Phil Elger/Bill Evans - D-Day support and diversion
Transcript
Bill: We must have had 14.000 pounds of bombs on board including a big one, I guess, and we couldn't see a ruddy thing. All we could see on the radar was lots of little blips and these were ships, boats, anything on the water showed up, you see, and it was a mess, an absolute mess. We had pathfinders. They were the men who came in first, dropped their markers, and they would tell the rest of the bombers to bomb a certain coloured light and we would do that. Anyway we dropped our bombs on these lights which we were told to do. We couldn't see what was below and it wasn't until we were coming home that, across the channel, we saw visually all the blips and they were boats, you see an when we got back we were told we were the first to bomb on D-Day and that was quite interesting and then again, that night, we went on another one and did the same thing.
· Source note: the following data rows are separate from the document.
lemma sbfs_preimage_sets:
  assumes "sbfs M I D tau code" "i \<in> I" "Z \<in> sets M"
  shows "{y \<in> D i. tau i y \<in> Z} \<in> sets M"
proof -
  have D: "D i \<in> sets M"
    using assms(1,2) by (rule sbfs_domain_sets)
  have "tau i \<in> measurable (restrict_space M (D i)) M"
    using assms(1,2) unfolding sbfs_def by blast
  then have "tau i -` Z \<inter> D i \<in> sets (restrict_space M (D i))"
    using measurable_sets[OF _ assms(3)] sets.sets_into_space[OF D]
    by (metis Int_absorb2 space_restrict_space)
  moreover have "tau i -` Z \<inter> D i = {y \<in> D i. tau i y \<in> Z}"
    by auto
  ultimately show ?thesis
    using D sets_restrict_space_iff[of "D i" M] sets.sets_into_space[OF D] by (auto simp: Int_absorb2)
qed

lemma lambda_proj_sbfs:
  "lambda_proj M P r s c d D tau tauc f \<Longrightarrow> sbfs M {l \<in> P. d l = m} D tau (tauc m)"
  unfolding lambda_proj_def lambda_sbfs_def by blast

lemma lambda_proj_AE_zero_off_range:
  assumes lp: "lambda_proj M P r s c d D tau tauc f" and l: "l \<in> P"
  shows "AE x in M. x \<notin> tau l ` D l \<longrightarrow> f l x = 0"
proof -
  let ?N = "space M - tau l ` D l"
  have N: "?N \<in> sets M"
    using sbfs_range_sets[OF lambda_proj_sbfs[OF lp]] l by auto
  have [measurable]: "f l \<in> borel_measurable M"
    and "emeasure M {x \<in> D l. tau l x \<in> ?N} =
      (\<integral>\<^sup>+ x. ennreal ((cmod (f l x))\<^sup>2) * indicator ?N x \<partial>M)"
    using lp l N unfolding lambda_proj_def L2_def by blast+
  moreover have "{x \<in> D l. tau l x \<in> ?N} = {}"
    by auto
  ultimately have "(\<integral>\<^sup>+ x. ennreal ((cmod (f l x))\<^sup>2) * indicator ?N x \<partial>M) = 0"
    by (metis emeasure_empty)
  then have "AE x in M. ennreal ((cmod (f l x))\<^sup>2) * indicator ?N x = 0"
    using N by (subst (asm) nn_integral_0_iff_AE) auto
  then show ?thesis
    by (rule AE_mp) (auto simp: indicator_def)
qed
Phil: We had to go on diversionary plans up North of D-Day and made ourselves as nuisance as we could to draw all the fighters and Germans away from what was happening. We were quite excited by the whole thing. From the air we could see in the distance all the water craft there. It was amazing and then there was a 1050 planes went over.
Bill: That must have been a sight. Of course you'd seen them before but not that numbers.
Phil: It took them hours to go through. All the planes and then these huge gliders. They'd carry a couple of hundred men, about three tanks. They used to let them go and where they landed that was it. I wouldn't have liked to be in them. They were only made of plywood.
Bill: They tell me on the continent there, you know, as the troops were assembling and going along, there were hundreds of these just left there, you know, and they were strange things. If they were lucky enough to land at a drome then of course they would come in and stop, no running along. It looked very strange.